How to do TDD considering the Views are not stupid and decoupled?
from the CommonsWare Community archivesAt February 10, 2019, 9:26am, ivano_trocchietto asked:
I have been to a fantastic conference with Uncle God and now I believe that I should do Test Driven Development.
But in Android IMO is not trivial. I know you are not into TDD/GIT/AGILE/CLEAN but you know a lot about Android ecosystem
In short my doubts come from the fact that as far as I read, I should avoid to use Roboelectric, and I am wondering if I can in Android really make my views really dumb so that I can Junit test all the logic behind without using an Emulator.
Is at least fascinating to think how could I achieve that for instance with RecyclerView that are full of logic?

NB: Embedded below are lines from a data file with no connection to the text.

lemma Lnorm_interpolation_infinite:
  assumes f: "memLp M (ereal l) f" "memLp M \<infinity> f" and lq: "0 < l" "l < q"
  shows "Lnorm M (ereal q) f \<le> Lnorm M (ereal l) f powr (l/q) * Lnorm M \<infinity> f powr (1 - l/q)"
proof -
  define K where "K = Lnorm M \<infinity> f"
  define A where "A = enn2real (\<integral>\<^sup>+ x. ennreal (\<bar>f x\<bar> powr l) \<partial>M)"
  have K: "K \<ge> 0" unfolding K_def by (rule Lnorm_nonneg)
  have A: "A \<ge> 0" unfolding A_def by simp
  have "AE x in M. ereal \<bar>f x\<bar> \<le> esssup M (\<lambda>x. ereal \<bar>f x\<bar>)" by (rule esssup_AE)
  then have "AE x in M. \<bar>f x\<bar> \<le> K"
  proof eventually_elim
    case (elim x)
    then show ?case using f unfolding K_def Lnorm_def memLp_def
      by (cases "esssup M (\<lambda>x. ereal \<bar>f x\<bar>)") auto
  qed
  then have "AE x in M. ennreal (\<bar>f x\<bar> powr q) \<le> ennreal (K powr (q - l)) * ennreal (\<bar>f x\<bar> powr l)"
  proof eventually_elim
    case (elim x)
    have "\<bar>f x\<bar> powr q = \<bar>f x\<bar> powr (q - l) * \<bar>f x\<bar> powr l" by (simp add: powr_add[symmetric])
    also have "\<dots> \<le> K powr (q - l) * \<bar>f x\<bar> powr l"
      using elim lq by (intro mult_right_mono powr_mono2) auto
    finally show ?case by (simp add: ennreal_mult[symmetric])
  qed
  then have "(\<integral>\<^sup>+ x. ennreal (\<bar>f x\<bar> powr q) \<partial>M) \<le> (\<integral>\<^sup>+ x. ennreal (K powr (q - l)) * ennreal (\<bar>f x\<bar> powr l) \<partial>M)"
    by (rule nn_integral_mono_AE)
  also have "\<dots> = ennreal (K powr (q - l)) * (\<integral>\<^sup>+ x. ennreal (\<bar>f x\<bar> powr l) \<partial>M)"
    using f by (intro nn_integral_cmult) (auto simp: memLp_def)
  also have "\<dots> = ennreal (K powr (q - l) * A)"
    using f A unfolding A_def memLp_def by (simp add: ennreal_mult)
  finally have "enn2real (\<integral>\<^sup>+ x. ennreal (\<bar>f x\<bar> powr q) \<partial>M) \<le> K powr (q - l) * A"
    using enn2real_mono A by fastforce
  then have "Lnorm M (ereal q) f \<le> (K powr (q - l) * A) powr (1/q)"
    unfolding Lnorm_def using lq by (simp add: powr_mono2)
  also have "\<dots> = (A powr (1/l)) powr (l/q) * K powr (1 - l/q)"
    using lq A K by (simp add: powr_mult powr_powr diff_divide_distrib mult.commute)
  finally show ?thesis unfolding K_def A_def Lnorm_def using lq by simp
qed

lemma exp_inv_bounds:
  assumes "q > 0" "ereal q < r"
  shows "0 \<le> exp_inv r" "exp_inv r < 1/q"
proof -
  have "0 \<le> exp_inv r \<and> exp_inv r < 1/q"
  proof (cases r)
    case (real p)
    then have "1/p < 1/q" using assms by (simp add: divide_strict_left_mono)
    then show ?thesis using assms real by (simp add: exp_inv_def)
  qed (use assms in \<open>auto simp: exp_inv_def\<close>)
  then show "0 \<le> exp_inv r" "exp_inv r < 1/q" by auto
qed

lemma Lnorm_interpolation:
  assumes f: "memLp M (ereal l) f" "memLp M r f" and lq: "0 < l" "l < q" "ereal q < r"
  defines "\<eta> \<equiv> (1/q - exp_inv r) / (1/l - exp_inv r)"
  shows "Lnorm M (ereal q) f \<le> Lnorm M (ereal l) f powr \<eta> * Lnorm M r f powr (1 - \<eta>)"
proof (cases r)
  case (real p)
  then show ?thesis
    using Lnorm_interpolation_finite[OF f(1), of p q] f lq unfolding \<eta>_def by (simp add: exp_inv_def)
next
  case PInf
  then show ?thesis
    using Lnorm_interpolation_infinite[OF f(1), of q] f lq unfolding \<eta>_def by (simp add: exp_inv_def)
qed (use lq in simp)

lemma max_powr:
  fixes a b k :: real
  assumes "0 \<le> a" "0 \<le> b" "0 \<le> k"
  shows "max a b powr k = max (a powr k) (b powr k)"
  using assms powr_mono2[of k a b] powr_mono2[of k b a] by (auto simp: max_def)

lemma epowr_ennreal: "0 \<le> x \<Longrightarrow> epowr (ennreal x) p = ennreal (x powr p)"
  by (simp add: epowr_def)

lemma epowr_top [simp]: "epowr top p = top"
  by (simp add: epowr_def)

lemma epowr_mono:
  assumes "x \<le> y" "0 \<le> p"
  shows "epowr x p \<le> epowr y p"
proof (cases "y = top")
  case False
  with assms have "x \<noteq> top" by (auto simp: top_unique)
  moreover have "enn2real x \<le> enn2real y" using assms False by (intro enn2real_mono) (auto simp: less_top)
  ultimately show ?thesis using False assms by (simp add: epowr_def powr_mono2 ennreal_leI)
qed simp

lemma set_integral_nonneg:
  fixes f :: "'a \<Rightarrow> real"
  assumes "\<And>x. x \<in> A \<Longrightarrow> 0 \<le> f x"
  shows "0 \<le> (LINT x:A|M. f x)"
  unfolding set_lebesgue_integral_def
  using assms by (intro integral_nonneg_AE AE_I2) (auto simp: indicator_def)

lemma set_integral_mono_subset:
  fixes f :: "'a \<Rightarrow> real"
  assumes "set_integrable M B f" "A \<in> sets M" "A \<subseteq> B" "\<And>x. x \<in> B \<Longrightarrow> 0 \<le> f x"
  shows "(LINT x:A|M. f x) \<le> (LINT x:B|M. f x)"
  unfolding set_lebesgue_integral_def
proof (rule integral_mono)
  show "integrable M (\<lambda>x. indicat_real A x *\<^sub>R f x)"
    using set_integrable_subset[OF assms(1-3)] by (simp add: set_integrable_def)
  show "integrable M (\<lambda>x. indicat_real B x *\<^sub>R f x)"
    using assms(1) by (simp add: set_integrable_def)
qed (use assms(3,4) in \<open>auto simp: indicator_def\<close>)

lemma set_integrable_bounded_factor:
  fixes f h :: "'a \<Rightarrow> real"
  assumes f: "set_integrable M A f" and h: "h \<in> borel_measurable M"
    and K: "\<And>x. x \<in> A \<Longrightarrow> \<bar>h x\<bar> \<le> K"
  shows "set_integrable M A (\<lambda>x. h x * f x)"
proof (rule set_integrable_bound[of M A "\<lambda>x. K * f x"])
  show "set_integrable M A (\<lambda>x. K * f x)" using f by simp
  have "(\<lambda>x. indicator A x *\<^sub>R f x) \<in> borel_measurable M"
    using f unfolding set_integrable_def by (rule borel_measurable_integrable)
  then have "(\<lambda>x. h x * (indicator A x *\<^sub>R f x)) \<in> borel_measurable M"
    using h by (intro borel_measurable_times)
  then show "set_borel_measurable M A (\<lambda>x. h x * f x)"
    unfolding set_borel_measurable_def by (simp add: mult.left_commute)
  show "AE x in M. x \<in> A \<longrightarrow> norm (h x * f x) \<le> norm (K * f x)"
  proof (intro AE_I2 impI)
    fix x assume "x \<in> A"
    then have "\<bar>h x\<bar> * \<bar>f x\<bar> \<le> \<bar>K\<bar> * \<bar>f x\<bar>"
      using K by (intro mult_right_mono) force+
    then show "norm (h x * f x) \<le> norm (K * f x)" by (simp add: abs_mult)
  qed
qed

lemma powr_le_1_plus:
  fixes x k :: real
  assumes "0 \<le> x" "0 \<le> k" "k \<le> 1"
  shows "x powr k \<le> 1 + x"
proof (cases "x \<le> 1")
  case True
  then have "x powr k \<le> 1" using assms by (intro powr_le1) auto
  then show ?thesis using assms by simp
next
  case False
  then have "x powr k \<le> x powr 1" using assms by (intro powr_mono) auto
  then show ?thesis using False by simp
qed

lemma powr_fixpoint_bound:
  fixes \<psi> A b \<theta> :: real
  assumes \<theta>: "0 < \<theta>" "\<theta> < 1" and A: "A \<ge> 0" and b: "b \<ge> 0"
    and \<psi>: "\<psi> \<le> A * \<psi> powr (1 - \<theta>) + b"
  shows "\<psi> \<le> (A + b powr \<theta>) powr (1/\<theta>)"
proof (rule ccontr)
  define S where "S = A + b powr \<theta>"
  have S: "S \<ge> 0" unfolding S_def using A by simp
  assume "\<not> ?thesis"
  then have gt: "S powr (1/\<theta>) < \<psi>" unfolding S_def by simp
  moreover have "0 \<le> S powr (1/\<theta>)" by simp
  ultimately have "\<psi> > 0" by linarith
  have "(S powr (1/\<theta>)) powr \<theta> < \<psi> powr \<theta>"
    using gt \<theta> by (intro powr_less_mono2) auto
  then have "S < \<psi> powr \<theta>" using S \<theta> by (simp add: powr_powr)
  then have "S * \<psi> powr (1 - \<theta>) < \<psi> powr \<theta> * \<psi> powr (1 - \<theta>)"
    using \<open>\<psi> > 0\<close> by (intro mult_strict_right_mono) auto
  also have "\<dots> = \<psi>" using \<open>\<psi> > 0\<close> by (simp add: powr_add[symmetric])
  finally have S\<psi>: "S * \<psi> powr (1 - \<theta>) < \<psi>" .
  have "b \<le> b powr \<theta> * \<psi> powr (1 - \<theta>)"
  proof (cases "b = 0")
    case False
    with b have "b > 0" by simp
    have "b = (b powr \<theta>) powr (1/\<theta>)" using \<open>b > 0\<close> \<theta> by (simp add: powr_powr)
    also have "\<dots> \<le> S powr (1/\<theta>)" unfolding S_def using A \<theta> by (intro powr_mono2) auto
    finally have "b \<le> \<psi>" using gt by simp
    then have "b powr \<theta> * b powr (1 - \<theta>) \<le> b powr \<theta> * \<psi> powr (1 - \<theta>)"
      using \<open>b > 0\<close> \<theta> by (intro mult_left_mono powr_mono2) auto
    then show ?thesis using \<open>b > 0\<close> by (simp add: powr_add[symmetric])
  qed simp
  then have "A * \<psi> powr (1 - \<theta>) + b < \<psi>"
    using S\<psi> unfolding S_def by (simp add: algebra_simps)
  with \<psi> show False by simp
qed

lemma halving_recursion_bound:
  fixes v W :: "real \<Rightarrow> real"
  assumes \<theta>: "0 < \<theta>" "\<theta> < 1" and A: "A \<ge> 0" and b: "b \<ge> 0" and t: "t > 0"
    and W: "\<And>s. s \<in> {0<..t} \<Longrightarrow> W s > 0" and v: "\<And>s. s \<in> {0<..t} \<Longrightarrow> v s \<ge> 0"
    and bdd: "bdd_above ((\<lambda>s. v s / W s) ` {0<..t})"
    and rec: "\<And>s. s \<in> {0<..t} \<Longrightarrow> v s \<le> A * W s * (v (s/2) / W (s/2)) powr (1 - \<theta>) + b * W s"
  shows "v t \<le> (A + b powr \<theta>) powr (1/\<theta>) * W t"
proof -
  define \<psi> where "\<psi> = (SUP s\<in>{0<..t}. v s / W s)"
  have t_in: "t \<in> {0<..t}" using t by simp
  have le_\<psi>: "v s / W s \<le> \<psi>" if "s \<in> {0<..t}" for s
    unfolding \<psi>_def using that bdd by (rule cSUP_upper)
  have "v s / W s \<le> A * \<psi> powr (1 - \<theta>) + b" if s: "s \<in> {0<..t}" for s
  proof -
    have s2: "s/2 \<in> {0<..t}" using s by auto
    have "(v (s/2) / W (s/2)) powr (1 - \<theta>) \<le> \<psi> powr (1 - \<theta>)"
      using le_\<psi>[OF s2] v[OF s2] W[OF s2] \<theta> by (intro powr_mono2) auto
    then have "A * W s * (v (s/2) / W (s/2)) powr (1 - \<theta>) \<le> A * W s * \<psi> powr (1 - \<theta>)"
      using W[OF s] A by (intro mult_left_mono) auto
    then have "v s \<le> W s * (A * \<psi> powr (1 - \<theta>) + b)"
      using rec[OF s] by (simp add: algebra_simps)
    then show ?thesis using W[OF s] by (simp add: divide_le_eq mult.commute)
  qed
  then have "\<psi> \<le> A * \<psi> powr (1 - \<theta>) + b"
    unfolding \<psi>_def using t_in by (intro cSUP_least) auto
  then have "\<psi> \<le> (A + b powr \<theta>) powr (1/\<theta>)"
    by (rule powr_fixpoint_bound[OF \<theta> A b])
  with le_\<psi>[OF t_in] have "v t / W t \<le> (A + b powr \<theta>) powr (1/\<theta>)" by simp
  then show ?thesis using W[OF t_in] by (simp add: divide_le_eq)
qed

(* Of the truncation inequality of the theorem only the instance lambda = 0, s = 0 is needed
   (L_l_growth). *)
locale extrapolation =
  fixes M :: "'a measure" and l q T \<omega> \<alpha> \<gamma> \<gamma>s :: real and r :: ereal
    and u g :: "real \<Rightarrow> 'a \<Rightarrow> real" and c1 c2 :: "real \<Rightarrow> real"
  assumes exps: "0 < l" "l < q" "ereal q < r" and T_pos: "0 < T" and \<omega>_nonneg: "0 \<le> \<omega>"
    and g_memLp: "AE \<tau> in lborel. \<tau> \<in> {0..T} \<longrightarrow> memLp M (ereal l) (g \<tau>)"
    and g_integrable: "set_integrable lborel {0..T} (\<lambda>\<tau>. Lnorm M (ereal l) (g \<tau>))"
    and u_memLp: "\<And>t. t \<in> {0..T} \<Longrightarrow> memLp M (ereal l) (u t) \<and> memLp M r (u t)"
    and u_bounded: "\<exists>C. \<forall>t\<in>{0..T}. Lnorm M r (u t) \<le> C"
    and L_l_growth: "\<And>t. t \<in> {0..T} \<Longrightarrow>
        Lnorm M (ereal l) (\<lambda>x. exp (-\<omega> * t) * u t x) \<le> Lnorm M (ereal l) (u 0)
          + (LINT \<tau>:{0..t}|lborel. exp (-\<omega> * \<tau>) *
               Lnorm M (ereal l) (\<lambda>x. g \<tau> x * indicator {y. exp (-\<omega> * \<tau>) * \<bar>u \<tau> y\<bar> > 0} x))"
    and c1_mono: "mono_on {0..T} c1" and c2_mono: "mono_on {0..T} c2"
    and c1_pos: "\<And>t. t \<in> {0..T} \<Longrightarrow> 0 < c1 t" and c2_nonneg: "\<And>t. t \<in> {0..T} \<Longrightarrow> 0 \<le> c2 t"
    and \<alpha>_nonneg: "0 \<le> \<alpha>" and \<gamma>: "0 < \<gamma>s" "\<gamma>s \<le> \<gamma>"
    and smoothing: "\<And>t. t \<in> {0<..T} \<Longrightarrow>
        Lnorm M r (u t) \<le> max
          (c1 (t/2) * (2/t + \<omega>) powr \<alpha> *
             (Lnorm M (ereal q) (u (t/2)) + (LINT \<tau>:{t/2..t}|lborel. Lnorm M (ereal q) (g \<tau>))) powr \<gamma>)
          (c2 (t/2) *
             (Lnorm M (ereal q) (u (t/2)) + (LINT \<tau>:{t/2..t}|lborel. Lnorm M (ereal q) (g \<tau>))) powr \<gamma>s)"
    and \<theta>_pos: "0 < 1 - \<gamma> * (1/l - 1/q) / (1/l - exp_inv r)"
begin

I do not see my self make JUnit test that fail and then making pass with all this onCreateView, onBind getItemCount etc
Any thought, guide, suggestion? Even in the Web cannot find a real life TDD android tutorial( a SWIFT yes)
At February 10, 2019, 1:04pm, mmurphy replied:
Ideally, your “view” portion of an MV* is just filling in widgets and forwarding on events from those same widgets. Usually, I just test that using instrumented tests in an emulator, to the extent that I worry about it at all. Instead, I focus on testing the other letters of the MV* architecture, such as models and viewmodels. Those should be able to be unit tested, outside of an emulator. Where and how you test other things, like repositories, depends a bit on their internal structure and what they’re doing.
Ah, you mean real TDD: write the test first, then write the implementation. IMHO, real TDD does not work with GUIs. It can work for the stuff that underlies those GUIs (models, viewmodels, repositories, etc.). But, that is just my opinion.